■ **How to complete this task**
Wherever a line holds the word "distinct", copy that line from the data.

■ **Records**
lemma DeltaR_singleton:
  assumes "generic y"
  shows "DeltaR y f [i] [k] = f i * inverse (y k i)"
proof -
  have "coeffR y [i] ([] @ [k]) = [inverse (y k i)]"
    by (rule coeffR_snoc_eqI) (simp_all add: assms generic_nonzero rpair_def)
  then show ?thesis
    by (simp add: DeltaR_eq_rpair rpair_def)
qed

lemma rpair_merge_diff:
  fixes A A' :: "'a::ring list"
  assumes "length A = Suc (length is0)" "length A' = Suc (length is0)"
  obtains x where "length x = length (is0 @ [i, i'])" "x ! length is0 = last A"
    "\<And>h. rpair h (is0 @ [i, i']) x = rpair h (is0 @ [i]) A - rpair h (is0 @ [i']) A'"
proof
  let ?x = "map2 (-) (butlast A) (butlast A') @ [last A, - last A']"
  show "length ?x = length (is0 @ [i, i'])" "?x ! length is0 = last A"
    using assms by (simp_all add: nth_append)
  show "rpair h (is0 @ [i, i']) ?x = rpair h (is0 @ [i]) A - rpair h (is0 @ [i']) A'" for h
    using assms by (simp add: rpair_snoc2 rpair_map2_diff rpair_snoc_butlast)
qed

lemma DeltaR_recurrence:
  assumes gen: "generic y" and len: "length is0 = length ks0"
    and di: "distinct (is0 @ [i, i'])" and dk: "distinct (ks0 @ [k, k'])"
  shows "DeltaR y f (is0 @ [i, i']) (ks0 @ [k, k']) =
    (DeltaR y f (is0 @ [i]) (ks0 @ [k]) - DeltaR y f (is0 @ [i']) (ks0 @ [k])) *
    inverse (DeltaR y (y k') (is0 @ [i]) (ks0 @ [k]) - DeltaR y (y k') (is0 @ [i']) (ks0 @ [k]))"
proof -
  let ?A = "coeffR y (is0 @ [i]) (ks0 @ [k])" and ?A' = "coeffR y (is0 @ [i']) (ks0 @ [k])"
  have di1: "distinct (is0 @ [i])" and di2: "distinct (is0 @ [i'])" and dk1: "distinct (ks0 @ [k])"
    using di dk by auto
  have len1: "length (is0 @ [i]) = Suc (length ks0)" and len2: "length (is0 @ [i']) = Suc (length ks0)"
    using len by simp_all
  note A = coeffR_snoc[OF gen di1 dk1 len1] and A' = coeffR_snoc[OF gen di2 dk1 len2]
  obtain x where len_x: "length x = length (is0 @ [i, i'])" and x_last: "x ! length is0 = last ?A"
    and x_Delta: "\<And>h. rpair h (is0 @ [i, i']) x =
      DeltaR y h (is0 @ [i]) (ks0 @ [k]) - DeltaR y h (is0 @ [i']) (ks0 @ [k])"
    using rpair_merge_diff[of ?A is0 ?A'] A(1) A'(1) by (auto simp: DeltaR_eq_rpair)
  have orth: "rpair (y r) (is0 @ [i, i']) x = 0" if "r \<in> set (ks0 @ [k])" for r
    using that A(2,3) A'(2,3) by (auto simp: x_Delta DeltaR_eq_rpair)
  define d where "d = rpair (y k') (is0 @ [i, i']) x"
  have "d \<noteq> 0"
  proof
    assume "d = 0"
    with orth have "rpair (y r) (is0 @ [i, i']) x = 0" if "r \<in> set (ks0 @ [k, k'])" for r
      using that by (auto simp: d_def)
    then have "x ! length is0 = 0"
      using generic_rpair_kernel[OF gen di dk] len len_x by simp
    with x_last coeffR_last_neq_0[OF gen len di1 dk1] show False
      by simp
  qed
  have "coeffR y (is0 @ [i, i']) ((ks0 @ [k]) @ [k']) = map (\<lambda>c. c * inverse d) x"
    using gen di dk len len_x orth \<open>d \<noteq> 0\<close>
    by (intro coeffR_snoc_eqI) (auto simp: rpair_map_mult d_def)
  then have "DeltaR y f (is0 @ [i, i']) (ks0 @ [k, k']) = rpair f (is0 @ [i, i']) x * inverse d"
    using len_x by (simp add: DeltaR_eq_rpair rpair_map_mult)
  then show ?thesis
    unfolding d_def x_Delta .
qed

...

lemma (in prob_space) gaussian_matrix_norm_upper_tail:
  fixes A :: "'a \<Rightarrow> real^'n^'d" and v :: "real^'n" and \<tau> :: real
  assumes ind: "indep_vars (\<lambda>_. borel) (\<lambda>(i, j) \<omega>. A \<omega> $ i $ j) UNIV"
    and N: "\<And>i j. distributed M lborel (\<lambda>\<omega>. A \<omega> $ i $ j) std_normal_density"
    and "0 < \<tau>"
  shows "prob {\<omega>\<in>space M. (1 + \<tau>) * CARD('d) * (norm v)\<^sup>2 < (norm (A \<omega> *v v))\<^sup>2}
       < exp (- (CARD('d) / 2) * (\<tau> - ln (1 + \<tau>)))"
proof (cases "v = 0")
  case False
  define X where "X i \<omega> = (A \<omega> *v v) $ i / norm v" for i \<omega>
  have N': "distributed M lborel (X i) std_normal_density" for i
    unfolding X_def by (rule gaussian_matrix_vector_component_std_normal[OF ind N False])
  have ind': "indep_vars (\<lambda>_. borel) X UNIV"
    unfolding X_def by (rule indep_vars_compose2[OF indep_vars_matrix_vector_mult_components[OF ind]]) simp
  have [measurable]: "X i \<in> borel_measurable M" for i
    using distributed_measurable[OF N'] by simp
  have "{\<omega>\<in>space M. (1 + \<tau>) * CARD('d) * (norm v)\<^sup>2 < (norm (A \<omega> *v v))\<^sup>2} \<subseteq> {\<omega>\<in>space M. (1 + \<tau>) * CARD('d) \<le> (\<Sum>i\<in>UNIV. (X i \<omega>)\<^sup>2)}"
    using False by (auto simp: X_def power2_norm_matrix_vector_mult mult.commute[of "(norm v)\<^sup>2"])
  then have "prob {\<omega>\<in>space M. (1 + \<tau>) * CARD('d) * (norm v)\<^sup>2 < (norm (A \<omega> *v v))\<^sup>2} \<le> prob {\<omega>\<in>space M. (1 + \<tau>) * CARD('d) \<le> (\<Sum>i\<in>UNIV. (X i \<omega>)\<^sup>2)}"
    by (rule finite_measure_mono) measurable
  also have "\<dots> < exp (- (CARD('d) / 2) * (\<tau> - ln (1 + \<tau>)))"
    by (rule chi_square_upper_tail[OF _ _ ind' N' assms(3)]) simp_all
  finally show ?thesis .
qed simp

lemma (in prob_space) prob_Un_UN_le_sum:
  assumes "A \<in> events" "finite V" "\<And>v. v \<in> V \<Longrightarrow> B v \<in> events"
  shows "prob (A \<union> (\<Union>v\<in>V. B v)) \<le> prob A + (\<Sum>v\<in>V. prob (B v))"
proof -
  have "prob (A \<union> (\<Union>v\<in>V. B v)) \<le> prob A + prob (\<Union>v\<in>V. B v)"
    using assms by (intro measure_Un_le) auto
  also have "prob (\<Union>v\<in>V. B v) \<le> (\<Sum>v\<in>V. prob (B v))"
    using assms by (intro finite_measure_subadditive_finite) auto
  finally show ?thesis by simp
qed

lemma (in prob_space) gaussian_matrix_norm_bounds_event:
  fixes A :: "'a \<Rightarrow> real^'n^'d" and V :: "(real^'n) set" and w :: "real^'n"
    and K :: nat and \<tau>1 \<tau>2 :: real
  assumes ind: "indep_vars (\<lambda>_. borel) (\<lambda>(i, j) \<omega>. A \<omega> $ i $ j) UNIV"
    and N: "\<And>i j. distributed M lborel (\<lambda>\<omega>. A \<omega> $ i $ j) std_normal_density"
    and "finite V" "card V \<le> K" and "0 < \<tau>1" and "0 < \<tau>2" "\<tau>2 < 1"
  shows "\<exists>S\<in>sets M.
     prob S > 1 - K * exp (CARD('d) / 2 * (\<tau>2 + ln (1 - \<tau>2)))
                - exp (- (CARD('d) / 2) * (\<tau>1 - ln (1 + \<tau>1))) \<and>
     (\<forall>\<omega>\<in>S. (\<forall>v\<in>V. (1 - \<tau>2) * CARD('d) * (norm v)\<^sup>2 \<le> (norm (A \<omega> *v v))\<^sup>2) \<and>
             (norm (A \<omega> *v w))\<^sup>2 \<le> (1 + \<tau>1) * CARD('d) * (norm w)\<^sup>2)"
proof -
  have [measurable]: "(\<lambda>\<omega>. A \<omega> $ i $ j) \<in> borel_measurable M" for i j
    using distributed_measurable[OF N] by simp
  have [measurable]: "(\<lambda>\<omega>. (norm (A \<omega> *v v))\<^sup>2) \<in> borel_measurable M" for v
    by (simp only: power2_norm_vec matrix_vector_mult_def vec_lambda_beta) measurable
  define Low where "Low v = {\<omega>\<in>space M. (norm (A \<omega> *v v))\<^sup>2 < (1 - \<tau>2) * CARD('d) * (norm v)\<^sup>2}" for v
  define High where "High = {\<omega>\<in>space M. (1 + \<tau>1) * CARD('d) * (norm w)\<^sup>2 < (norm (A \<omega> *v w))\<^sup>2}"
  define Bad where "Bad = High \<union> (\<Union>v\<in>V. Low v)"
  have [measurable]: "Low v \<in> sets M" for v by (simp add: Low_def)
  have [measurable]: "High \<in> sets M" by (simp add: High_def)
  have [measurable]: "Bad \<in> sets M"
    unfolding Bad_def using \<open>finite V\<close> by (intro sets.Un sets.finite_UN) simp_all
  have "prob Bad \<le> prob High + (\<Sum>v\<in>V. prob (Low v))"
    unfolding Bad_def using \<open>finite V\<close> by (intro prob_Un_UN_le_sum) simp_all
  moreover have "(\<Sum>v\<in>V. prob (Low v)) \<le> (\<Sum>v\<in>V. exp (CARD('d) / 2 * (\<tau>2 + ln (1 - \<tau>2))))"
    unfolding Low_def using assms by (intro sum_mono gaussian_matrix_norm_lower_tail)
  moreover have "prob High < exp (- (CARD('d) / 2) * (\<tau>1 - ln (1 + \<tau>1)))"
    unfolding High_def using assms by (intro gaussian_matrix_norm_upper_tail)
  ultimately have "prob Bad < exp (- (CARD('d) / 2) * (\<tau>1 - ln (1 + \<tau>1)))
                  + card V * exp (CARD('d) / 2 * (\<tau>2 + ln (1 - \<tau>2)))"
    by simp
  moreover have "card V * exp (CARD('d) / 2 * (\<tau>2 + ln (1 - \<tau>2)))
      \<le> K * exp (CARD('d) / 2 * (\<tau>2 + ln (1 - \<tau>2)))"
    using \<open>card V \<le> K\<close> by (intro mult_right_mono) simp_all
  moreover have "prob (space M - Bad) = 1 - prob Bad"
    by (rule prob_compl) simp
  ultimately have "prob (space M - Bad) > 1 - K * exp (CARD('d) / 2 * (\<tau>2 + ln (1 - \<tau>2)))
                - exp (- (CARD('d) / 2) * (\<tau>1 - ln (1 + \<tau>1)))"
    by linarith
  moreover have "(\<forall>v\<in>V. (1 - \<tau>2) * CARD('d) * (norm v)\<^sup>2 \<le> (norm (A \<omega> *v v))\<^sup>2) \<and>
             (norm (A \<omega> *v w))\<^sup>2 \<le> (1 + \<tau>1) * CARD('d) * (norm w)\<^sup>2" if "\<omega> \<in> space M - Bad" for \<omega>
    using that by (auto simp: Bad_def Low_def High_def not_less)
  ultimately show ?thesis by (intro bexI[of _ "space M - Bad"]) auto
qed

■ **Response for this exercise**
    and di: "distinct (is0 @ [i, i'])" and dk: "distinct (ks0 @ [k, k'])"
  have di1: "distinct (is0 @ [i])" and di2: "distinct (is0 @ [i'])" and dk1: "distinct (ks0 @ [k])"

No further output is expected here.